I understand this in analogy with filesystem organization -- there's the
package manager that ensures files are put in right places,
non-conflicting and trackable. Subtrees may be delegated (e.g.
/usr/local). If root (or whoever has perms for it), decides to
manipulate the files, its up to them what they end up with.

> The implementation atop of a single superblock like cgroupfs is
> questionable.

(This is an interesting topic which I'd like to discuss some other
time not to diverge here.)

> But in general the point is that there's no mechanism to enforce cgroup
> tree policy currently in a sufficiently flexible manner.
>
> > root detaching/disabling these hook progs anyway?)
>
> I cannot help but read this as you asking me "What if you're too dumb to
> write a security policy that isn't self-defeating?" :)

I was just trying to express that there's only one level of root (user).
(Cautionary example are "containers" that executed as (host) root.
Lockdown neglected.)

> bpf has security hooks for itself including security_bpf().
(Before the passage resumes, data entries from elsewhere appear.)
definition wheel_vertices :: "nat \<Rightarrow> (nat \<Rightarrow> 'a) \<Rightarrow> 'a set" where
  "wheel_vertices k v = v ` {0..k}"

definition wheel_edges :: "nat \<Rightarrow> (nat \<Rightarrow> 'a) \<Rightarrow> 'a set set" where
  "wheel_edges k v = radius v ` {1..k} \<union> chord k v ` {1..k}"

definition coupled_tree :: "nat \<Rightarrow> (nat \<Rightarrow> 'a) \<Rightarrow> 'a set set \<Rightarrow> bool" where
  "coupled_tree k v T \<longleftrightarrow> T \<subseteq> wheel_edges k v \<and>
     spanning_tree (wheel_vertices k v) T \<and>
     spanning_tree (wheel_vertices k v) (wheel_edges k v - T)"

end

theory Submission
  imports Defs
begin

text \<open>Colour each edge of the wheel by whether it lies in T; both colour classes are acyclic.
  So the rim is not monochromatic, and a fan -- a radius followed by consecutive chords of its
  colour -- is never closed by a radius of the same colour. If (a) fails, some radius v_0 v_i has
  the colour of the chord v_i v_(i+1), so this chord ends a monochromatic fan. The radius behind the
  last chord of a fan has the other colour, and the next chord either prolongs the fan or, taking
  the colour of that radius, ends a new one-chord fan. Going round the wheel, every chord
  v_i v_(i+1) therefore differs in colour from the radius v_0 v_(i+1), which is (b).\<close>

lemma closed_path_not_acyclic:
  assumes "inj_on f {0..<n}" and "3 \<le> n"
    and "\<And>i. Suc i < n \<Longrightarrow> {f i, f (Suc i)} \<in> F" and "{f (n - 1), f 0} \<in> F"
  shows "\<not> acyclic_edges F"
proof -
  have "is_cycle F (map f [0..<n])"
    unfolding is_cycle_def
  proof (intro conjI allI impI)
    fix i assume "i < length (map f [0..<n])"
    then show "{map f [0..<n] ! i, map f [0..<n] ! ((i + 1) mod length (map f [0..<n]))} \<in> F"
      using assms(3,4) by (cases "Suc i = n") auto
  qed (use assms(1,2) in \<open>simp_all add: distinct_map\<close>)
  then show ?thesis
    unfolding acyclic_edges_def by blast
qed

lemma mod_add_left_inj_on:
  fixes j k :: nat
  shows "inj_on (\<lambda>s. (j + s) mod k) {0..<k}"
proof (rule linorder_inj_onI')
  fix s s' assume "s \<in> {0..<k}" "s' \<in> {0..<k}" "s < s'"
  show "(j + s) mod k \<noteq> (j + s') mod k"
  proof
    assume eq: "(j + s) mod k = (j + s') mod k"
    have "j + s \<le> j + s'"
      using \<open>s < s'\<close> by simp
    then obtain q where q: "j + s' = j + s + k * q"
      using mod_eq_nat1E[OF eq[symmetric]] by blast
    moreover have "s' < k"
      using \<open>s' \<in> {0..<k}\<close> by simp
    ultimately have "k * q < k"
      by linarith
    then have "q = 0"
      using mult_less_cancel1[of k q 1] by simp
    with q \<open>s < s'\<close> show False
      by simp
  qed
qed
First thing
> that comes to mind is to have security.bpf.* or trusted.* xattrs on
> selected processes like PID 1 that mark it as eligible for modifying BPF
> state or BPF LSM programs supervising link/prog detach, update etc and
> then designating only PID 1 as handing out those magical xattrs. Can be
> as fine-grained as needed and that tells everyone else to go away and do
> something else.

(These are too many new concepts for me, I must skip it now. I may catch
up after more study.)

> systemd will gain the ability to implement policy to control cgroup tree
> modifications in as much details as it needs without having the kernel
> in need to be aware of it. This can take various forms by marking only
> select processes as being eligible for managing cgroup migrations or
> even just locking down specific cgroups.

This is how I understand the goal could be expressed in current terms:

a) allowlisting processes that can do migrations
# common ancestor of all + access to each dst
chown -R :grA $root_cgroup/cgroup.procs
chmod -R g+w $root_cgroup/cgroup.procs

# static:
usermod -G grA user_of_pid
(re)start pid
# or in spawner:
fork
setgroups([grA])
exec

b) rules that are specific to cgroup (subtree)
# applying same like above but to a $lower_group

$ setfacl -R -m g:grB:w $lower_group/cgroup.procs
setfacl: cgroup.procs: Operation not supported
# here I notice why current impl isn't sufficient

Also, if I understand this correctly you semm to move from the semantics
where users (UIDs) are subjects to a different one where it's bound to
processes (PIDs).

> The policy needs to be flexible so it can be live-updated, switched into
> auditing mode, and losened, tightened on-demand as needed.

OK.
(I'd add that policy should be also easily debuggable/troubleshootable.)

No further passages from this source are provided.